◆ Task requirements: A word-for-word restatement of all the records is the required answer.

━━━ Data to examine

lemma typeB_if_trunc_solution:
  assumes c: "1 < c" "c < a" and \<phi>\<^sub>1: "\<phi>\<^sub>0 < \<phi>\<^sub>1"
    and g_deriv: "\<And>t. \<phi>\<^sub>0 \<le> t \<Longrightarrow> (g has_real_derivative trunc_field c t (g t)) (at t within {\<phi>\<^sub>0..})"
    and g_above: "\<And>t. t \<in> {\<phi>\<^sub>0..\<phi>\<^sub>1} \<Longrightarrow> c * u t < g t"
    and g_\<phi>\<^sub>1: "a * u \<phi>\<^sub>1 \<le> g \<phi>\<^sub>1"
    and grow: "\<And>t z. \<phi>\<^sub>1 \<le> t \<Longrightarrow> a \<le> z \<Longrightarrow> 0 < sqrt (z\<^sup>2 - 1) - e t * z"
  shows "typeB_solution v \<phi>\<^sub>0 g"
proof -
  have ratio_ge: "a \<le> g t / u t" if t: "\<phi>\<^sub>1 \<le> t" for t
  proof (rule stays_ge_if_deriv_pos[of \<phi>\<^sub>1 "\<lambda>t. g t / u t" "\<lambda>t. (trunc_field c t (g t) - g t * e t) / u t"])
    fix s assume s: "\<phi>\<^sub>1 \<le> s"
    then have s0: "\<phi>\<^sub>0 < s" using \<phi>\<^sub>1 by simp
    show "((\<lambda>t. g t / u t) has_real_derivative (trunc_field c s (g s) - g s * e s) / u s) (at s)"
      using s0 g_deriv[of s] by (intro quotient_u_has_real_derivative has_real_derivative_at_if_within_atLeast) auto
    assume "a \<le> g s / u s"
    then have ga: "a * u s \<le> g s" using u_pos[OF s0] by (simp add: pos_le_divide_eq)
    moreover have "c * u s \<le> a * u s" "u s \<le> c * u s" using c u_pos[OF s0] by simp_all
    ultimately have "(trunc_field c s (g s) - g s * e s) / u s = sqrt ((g s / u s)\<^sup>2 - 1) - e s * (g s / u s)"
      using sqrt_sq_minus_v_div_u[OF s0, of "g s"] by (simp add: trunc_field_eq diff_divide_distrib)
    then show "0 < (trunc_field c s (g s) - g s * e s) / u s"
      using grow[OF s \<open>a \<le> g s / u s\<close>] by simp
  qed (use g_\<phi>\<^sub>1 u_pos[OF \<phi>\<^sub>1] t in \<open>simp_all add: pos_le_divide_eq\<close>)
  have above: "c * u t < g t" if "\<phi>\<^sub>0 \<le> t" for t
  proof (cases "t \<le> \<phi>\<^sub>1")
    case False
    then have "0 < u t" "a * u t \<le> g t"
      using ratio_ge[of t] u_pos[of t] \<phi>\<^sub>1 by (simp_all add: pos_le_divide_eq)
    moreover have "c * u t < a * u t" using c \<open>0 < u t\<close> by simp
    ultimately show ?thesis by linarith
  qed (use g_above that in auto)
  show ?thesis
    unfolding typeB_solution_def
  proof (intro allI impI conjI)
    fix t assume t: "\<phi>\<^sub>0 \<le> t"
    have "u t \<le> c * u t" using mult_right_mono[of 1 c "u t"] c u_nonneg[OF t] by simp
    then show "sqrt (v t) < g t" using above[OF t] by (simp add: u_def)
    show "(g has_real_derivative sqrt ((g t)\<^sup>2 - v t)) (at t within {\<phi>\<^sub>0..})"
      using g_deriv[OF t] above[OF t] by (simp add: trunc_field_eq)
  qed
qed

lemma trunc_solution_near_h:
  assumes c: "1 < c" and margin: "\<And>s. s \<in> {\<phi>\<^sub>0..t} \<Longrightarrow> c * u s \<le> h s"
    and g_deriv: "\<And>s. \<phi>\<^sub>0 \<le> s \<Longrightarrow> (g has_real_derivative trunc_field c s (g s)) (at s within {\<phi>\<^sub>0..})"
    and t: "\<phi>\<^sub>0 \<le> t"
  shows "\<bar>h t - g t\<bar> \<le> \<bar>h \<phi>\<^sub>0 - g \<phi>\<^sub>0\<bar> * exp (c / sqrt (c\<^sup>2 - 1) * (t - \<phi>\<^sub>0))"
proof (rule abs_diff_solutions_le_exp[where F = "trunc_field c"])
  show "continuous_on {\<phi>\<^sub>0..t} h" "continuous_on {\<phi>\<^sub>0..t} g"
    using continuous_on_h continuous_on_if_has_real_derivative_within_atLeast[OF g_deriv]
    by (auto elim: continuous_on_subset)
  fix s assume s: "\<phi>\<^sub>0 < s" "s < t"
  then show "(h has_real_derivative trunc_field c s (h s)) (at s)"
    using margin[of s] h_has_real_derivative[of s]
    by (simp add: trunc_field_eq has_real_derivative_at_if_within_atLeast)
  show "(g has_real_derivative trunc_field c s (g s)) (at s)"
    using s g_deriv[of s] by (simp add: has_real_derivative_at_if_within_atLeast)
  show "\<bar>trunc_field c s (h s) - trunc_field c s (g s)\<bar> \<le> c / sqrt (c\<^sup>2 - 1) * \<bar>h s - g s\<bar>"
    using trunc_field_lipschitz[OF c] s by simp
qed (use c t in auto)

━━━━━━

◆ Written answer:
lemma typeB_if_trunc_solution:
  assumes c: "1 < c" "c < a" and \<phi>\<^sub>1: "\<phi>\<^sub>0 < \<phi>\<^sub>1"
    and g_deriv: "\<And>t. \<phi>\<^sub>0 \<le> t \<Longrightarrow> (g has_real_derivative trunc_field c t (g t)) (at t within {\<phi>\<^sub>0..})"
    and g_above: "\<And>t. t \<in> {\<phi>\<^sub>0..\<phi>\<^sub>1} \<Longrightarrow> c * u t < g t"
    and g_\<phi>\<^sub>1: "a * u \<phi>\<^sub>1 \<le> g \<phi>\<^sub>1"
    and grow: "\<And>t z. \<phi>\<^sub>1 \<le> t \<Longrightarrow> a \<le> z \<Longrightarrow> 0 < sqrt (z\<^sup>2 - 1) - e t * z"
  shows "typeB_solution v \<phi>\<^sub>0 g"
proof -
  have ratio_ge: "a \<le> g t / u t" if t: "\<phi>\<^sub>1 \<le> t" for t
  proof (rule stays_ge_if_deriv_pos[of \<phi>\<^sub>1 "\<lambda>t. g t / u t" "\<lambda>t. (trunc_field c t (g t) - g t * e t) / u t"])
    fix s assume s: "\<phi>\<^sub>1 \<le> s"
    then have s0: "\<phi>\<^sub>0 < s" using \<phi>\<^sub>1 by simp
    show "((\<lambda>t. g t / u t) has_real_derivative (trunc_field c s (g s) - g s * e s) / u s) (at s)"
      using s0 g_deriv[of s] by (intro quotient_u_has_real_derivative has_real_derivative_at_if_within_atLeast) auto
    assume "a \<le> g s / u s"
    then have ga: "a * u s \<le> g s" using u_pos[OF s0] by (simp add: pos_le_divide_eq)
    moreover have "c * u s \<le> a * u s" "u s \<le> c * u s" using c u_pos[OF s0] by simp_all
    ultimately have "(trunc_field c s (g s) - g s * e s) / u s = sqrt ((g s / u s)\<^sup>2 - 1) - e s * (g s / u s)"
      using sqrt_sq_minus_v_div_u[OF s0, of "g s"] by (simp add: trunc_field_eq diff_divide_distrib)
    then show "0 < (trunc_field c s (g s) - g s * e s) / u s"
      using grow[OF s \<open>a \<le> g s / u s\<close>] by simp
  qed (use g_\<phi>\<^sub>1 u_pos[OF \<phi>\<^sub>1] t in \<open>simp_all add: pos_le_divide_eq\<close>)
  have above: "c * u t < g t" if "\<phi>\<^sub>0 \<le> t" for t
  proof (cases "t \<le> \<phi>\<^sub>1")
    case False
    then have "0 < u t" "a * u t \<le> g t"
      using ratio_ge[of t] u_pos[of t] \<phi>\<^sub>1 by (simp_all add: pos_le_divide_eq)
    moreover have "c * u t < a * u t" using c \<open>0 < u t\<close> by simp
    ultimately show ?thesis by linarith
  qed (use g_above that in auto)
  show ?thesis
    unfolding typeB_solution_def
  proof (intro allI impI conjI)
    fix t assume t: "\<phi>\<^sub>0 \<le> t"
    have "u t \<le> c * u t" using mult_right_mono[of 1 c "u t"] c u_nonneg[OF t] by simp
    then show "sqrt (v t) < g t" using above[OF t] by (simp add: u_def)
    show "(g has_real_derivative sqrt ((g t)\<^sup>2 - v t)) (at t within {\<phi>\<^sub>0..})"
      using g_deriv[OF t] above[OF t] by (simp add: trunc_field_eq)
  qed
qed

lemma trunc_solution_near_h:
  assumes c: "1 < c" and margin: "\<And>s. s \<in> {\<phi>\<^sub>0..t} \<Longrightarrow> c * u s \<le> h s"
    and g_deriv: "\<And>s. \<phi>\<^sub>0 \<le> s \<Longrightarrow> (g has_real_derivative trunc_field c s (g s)) (at s within {\<phi>\<^sub>0..})"
    and t: "\<phi>\<^sub>0 \<le> t"
  shows "\<bar>h t - g t\<bar> \<le> \<bar>h \<phi>\<^sub>0 - g \<phi>\<^sub>0\<bar> * exp (c / sqrt (c\<^sup>2 - 1) * (t - \<phi>\<^sub>0))"
proof (rule abs_diff_solutions_le_exp[where F = "trunc_field c"])
  show "continuous_on {\<phi>\<^sub>0..t} h" "continuous_on {\<phi>\<^sub>0..t} g"
    using continuous_on_h continuous_on_if_has_real_derivative_within_atLeast[OF g_deriv]
    by (auto elim: continuous_on_subset)
  fix s assume s: "\<phi>\<^sub>0 < s" "s < t"
  then show "(h has_real_derivative trunc_field c s (h s)) (at s)"
    using margin[of s] h_has_real_derivative[of s]
    by (simp add: trunc_field_eq has_real_derivative_at_if_within_atLeast)
  show "(g has_real_derivative trunc_field c s (g s)) (at s)"
    using s g_deriv[of s] by (simp add: has_real_derivative_at_if_within_atLeast)
  show "\<bar>trunc_field c s (h s) - trunc_field c s (g s)\<bar> \<le> c / sqrt (c\<^sup>2 - 1) * \<bar>h s - g s\<bar>"
    using trunc_field_lipschitz[OF c] s by simp
qed (use c t in auto)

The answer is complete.